10-09-2026 18:45 - Mauritanie-FMI : Cercle vicieux de la dette, pillage notoire d'une élite prédatrice et la complicité silencieuse du Fonds . Par Pr ELY Mustapha.

Mauritanie-FMI : Cercle vicieux de la dette, pillage notoire d'une élite prédatrice et la complicité silencieuse du Fonds . Par Pr ELY Mustapha.

Ely Mustapha -- « La dette, disait en 1987, Thomas Sankara est une invention ingénieuse pour asservir les peuples sans avoir besoin de les conquérir. ». En Mauritanie, 2026, cette citation n'a pas pris une ride. Le FMI, lui, non plus.

Nouakchott, septembre 2026. Le ministre des Finances mauritanien, reçoit en grande pompe une mission technique du FMI conduite par le conseiller régional d'AFRITAC Ouest. Les communiqués officiels célèbrent « le renforcement des statistiques des finances publiques et de la dette des entreprises publiques », « la modernisation des statistiques » et « l'amélioration de la qualité de l'information financière ».

Le vocabulaire est rodé, la langue de bois impeccable, le cérémonial rodé. Derrière ce vernis technocratique, une réalité brutale : la Mauritanie s'enfonce dans le piège de la dette avec la bénédiction active du Fonds monétaire international, pendant qu'une élite prédatrice pille les ressources du pays et qu'une administration corrompue dilapide les deniers publics.

J’ai depuis longtemps sonné l’alerte et interpellé les décideurs au FMI , voir notamment mes articles :

Lettre ouverte à Madame Christine Lagarde, Directrice Générale du Fonds Monétaire International (https://www.agoravox.fr/tribune-libre/article/lettre-ouverte-a-madame-christine-116932) La lettre que Madame Christine Lagarde ne m’a jamais écrite (https://haut-et-fort.blogspot.com/2012/06/la-lettre-que-madame-christine-lagarde_24.html)

Non, n'épongez pas la dette mauritanienne ! Par Pr ELY Mustapha. (https://haut-et-fort.blogspot.com/2021/05/non-nepongez-pas-la-dette-mauritanienne.html) Déclaration 2025 du FMI sur la Mauritanie : un récit économique tronqué. (https://haut-et-fort.blogspot.com/2025/05/declaration-2025-du-fmi-sur-la.html)

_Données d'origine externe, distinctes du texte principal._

lemma slope_tendsto_asymptotic_slope:
  "((\<lambda>t. ereal ((f t - f 0) / t)) \<longlongrightarrow> asymptotic_slope f) at_top"
proof (rule order_tendstoI)
  fix a assume "a < asymptotic_slope f"
  then obtain t0 where t0: "0 < t0" "a < ereal ((f t0 - f 0) / t0)"
    unfolding asymptotic_slope_def less_SUP_iff by auto
  show "\<forall>\<^sub>F t in at_top. a < ereal ((f t - f 0) / t)"
    using eventually_ge_at_top[of t0]
  proof eventually_elim
    case (elim t)
    then show ?case
      using slope_from_0_mono[of t0 t] t0 by (simp add: less_le_trans)
  qed
next
  fix b assume "asymptotic_slope f < b"
  show "\<forall>\<^sub>F t in at_top. ereal ((f t - f 0) / t) < b"
    using eventually_gt_at_top[of 0]
  proof eventually_elim
    case (elim t)
    show ?case
      using slope_le_asymptotic_slope[OF elim] \<open>asymptotic_slope f < b\<close> by (rule le_less_trans)
  qed
qed

lemma Dm_eq_asymptotic_slope: "Dm f = ereal (f 0) + asymptotic_slope f"
proof -
  have "((\<lambda>t. f 0 / t) \<longlongrightarrow> 0) at_top"
    by (intro tendsto_divide_0[OF tendsto_const] filterlim_at_top_imp_at_infinity filterlim_ident)
  then have "((\<lambda>t. ereal (f 0 / t)) \<longlongrightarrow> 0) at_top"
    unfolding zero_ereal_def by (rule tendsto_ereal)
  then have "((\<lambda>t. ereal ((f t - f 0) / t) + ereal (f 0 / t)) \<longlongrightarrow> asymptotic_slope f + 0) at_top"
    by (intro tendsto_add_ereal_general1 slope_tendsto_asymptotic_slope) simp_all
  then have lim: "((\<lambda>t. ereal ((f t - f 0) / t) + ereal (f 0 / t)) \<longlongrightarrow> asymptotic_slope f) at_top"
    by (simp only: add_0_right)
  have "\<forall>\<^sub>F t in at_top. ereal ((f t - f 0) / t) + ereal (f 0 / t) = ereal (f t / t)"
    using eventually_gt_at_top[of 0] by eventually_elim (simp add: diff_divide_distrib)
  then have "((\<lambda>t. ereal (f t / t)) \<longlongrightarrow> asymptotic_slope f) at_top"
    using lim by (rule tendsto_cong[THEN iffD1])
  then show ?thesis
    unfolding Dm_def by (simp add: tendsto_Lim)
qed

lemma below_asymptotic_line:
  assumes "asymptotic_slope f = ereal L" "0 \<le> t"
  shows "f t \<le> f 0 + L * t"
proof (cases "t = 0")
  case False
  then have "(f t - f 0) / t \<le> L"
    using slope_le_asymptotic_slope[of t f] assms by simp
  then show ?thesis
    using False assms(2) by (simp add: divide_le_eq algebra_simps)
qed simp

text \<open>A convex function touching its asymptotic line at one point coincides with it.\<close>
lemma strictly_below_asymptotic_line:
  assumes L: "asymptotic_slope f = ereal L" and "f 1 < f 0 + L" "0 < t"
  shows "f t < f 0 + L * t"
proof (rule ccontr)
  define g where "g t = f t - (f 0 + L * t)" for t
  have "concave_on {0..} (\<lambda>t. f 0 + L * t)"
    unfolding concave_on_iff by (auto simp: algebra_simps simp flip: distrib_right)
  then have g_convex: "convex_on {0..} g"
    unfolding g_def by (intro convex_on_diff f_convex)
  have g_nonpos: "g t \<le> 0" if "t \<in> {0..}" for t
    using below_asymptotic_line[OF L] that by (simp add: g_def)
  assume "\<not> f t < f 0 + L * t"
  then have "g t = 0"
    using g_nonpos[of t] \<open>0 < t\<close> by (simp add: g_def)
  have "g 1 = 0"
  proof (cases t "1::real" rule: linorder_cases)
    case less
    have "(1 - (1 - t)) *\<^sub>R 1 + (1 - t) *\<^sub>R 0 = t"
      by simp
    then show ?thesis
      using \<open>g t = 0\<close> less \<open>0 < t\<close>
      by (intro convex_on_nonpos_vanishes[OF g_convex g_nonpos, of 1 0 "1 - t"]) auto
  next
    case greater
    have "(1 - 1/2) *\<^sub>R 1 + (1/2) *\<^sub>R (2 * t - 1) = t"
      by (simp add: field_simps)
    then show ?thesis
      using \<open>g t = 0\<close> greater
      by (intro convex_on_nonpos_vanishes[OF g_convex g_nonpos, of 1 "2 * t - 1" "1/2"]) auto
  qed (use \<open>g t = 0\<close> in simp)
  then show False
    using assms(2) by (simp add: g_def)
qed
lemma entryE_eq:
  fixes \<theta> :: real
  assumes y: "cmod y < 1"
  defines "\<alpha> \<equiv> entry_angle y \<theta>"
  shows "entryE y \<theta> = (Arg2pi (cis (\<theta> - pi - \<alpha>)), \<alpha>)"
  unfolding entryE_def
proof (rule the_equality, goal_cases)
  case 1
  have "cis (Arg2pi (cis (\<theta> - pi - \<alpha>)) + pi + \<alpha>) = cis (\<theta> - pi - \<alpha> + (pi + \<alpha>))"
    unfolding add.assoc cis_mult[symmetric] cis_Arg2pi_cis ..
  then show ?case
    using Arg2pi entry_angle_bounds[OF y, of \<theta>, folded \<alpha>_def]
      entry_point_on_line[OF y, of \<theta>, folded \<alpha>_def]
    unfolding prod.case cis_Arg2pi_cis by auto
next
  case (2 p)
  then obtain \<beta>' \<alpha>' s where p: "p = (\<beta>', \<alpha>')" and \<beta>': "\<beta>' \<in> {0..<2*pi}"
    and \<alpha>': "\<alpha>' \<in> {-pi/2<..<pi/2}" and dir: "cis (\<beta>' + pi + \<alpha>') = cis \<theta>"
    and y': "y = cis \<beta>' + of_real s * cis \<theta>"
    by auto
  have "cis (\<theta> - pi - \<alpha>') = cis \<theta> * cis (- (pi + \<alpha>'))"
    unfolding cis_mult by (simp add: algebra_simps)
  also have "\<dots> = cis \<beta>'"
    unfolding dir[symmetric] cis_mult by simp
  finally have \<beta>'_eq: "cis \<beta>' = cis (\<theta> - pi - \<alpha>')" ..
  have "y * cis (- \<theta>) = cis (- pi - \<alpha>') + of_real s"
    by (simp add: y' \<beta>'_eq algebra_simps cis_mult)
  then have "sin \<alpha>' = Im (y * cis (- \<theta>))" by (simp add: sin_diff)
  then have "\<alpha>' = \<alpha>"
    using \<alpha>' arcsin_sin[of \<alpha>'] unfolding \<alpha>_def entry_angle_def by auto
  moreover have "\<beta>' = Arg2pi (cis (\<theta> - pi - \<alpha>'))"
    using Arg2pi_cis[OF \<beta>'] \<beta>'_eq by simp
  ultimately show ?case using p by simp
qed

Le nouveau programme : 105,6 millions de dollars pour continuer la même comédie

Le 24 juin 2026, le Conseil d'administration du FMI approuve un nouveau programme de 42 mois au titre de la Facilité élargie de crédit (FEC) et du Mécanisme élargi de crédit (MEDC) : 70,82 millions de DTS (environ 95,8 millions USD), avec un décaissement immédiat de 78,78 millions de DTS (environ 105,6 millions USD).

C'est le énième programme. La Mauritanie cumule les arrangements avec le FMI depuis les années 1980 : standby, FEC, MEDC, FCL, PPI. Chaque nouveau programme arrive avec son lot de « repères structurels », de « critères de performance », de « revues » semestrielles et de « décaissements » conditionnels. Chaque fois, le même discours : « stabilité macroéconomique », « croissance inclusive », « renforcement de la gouvernance », « transparence du secteur public ».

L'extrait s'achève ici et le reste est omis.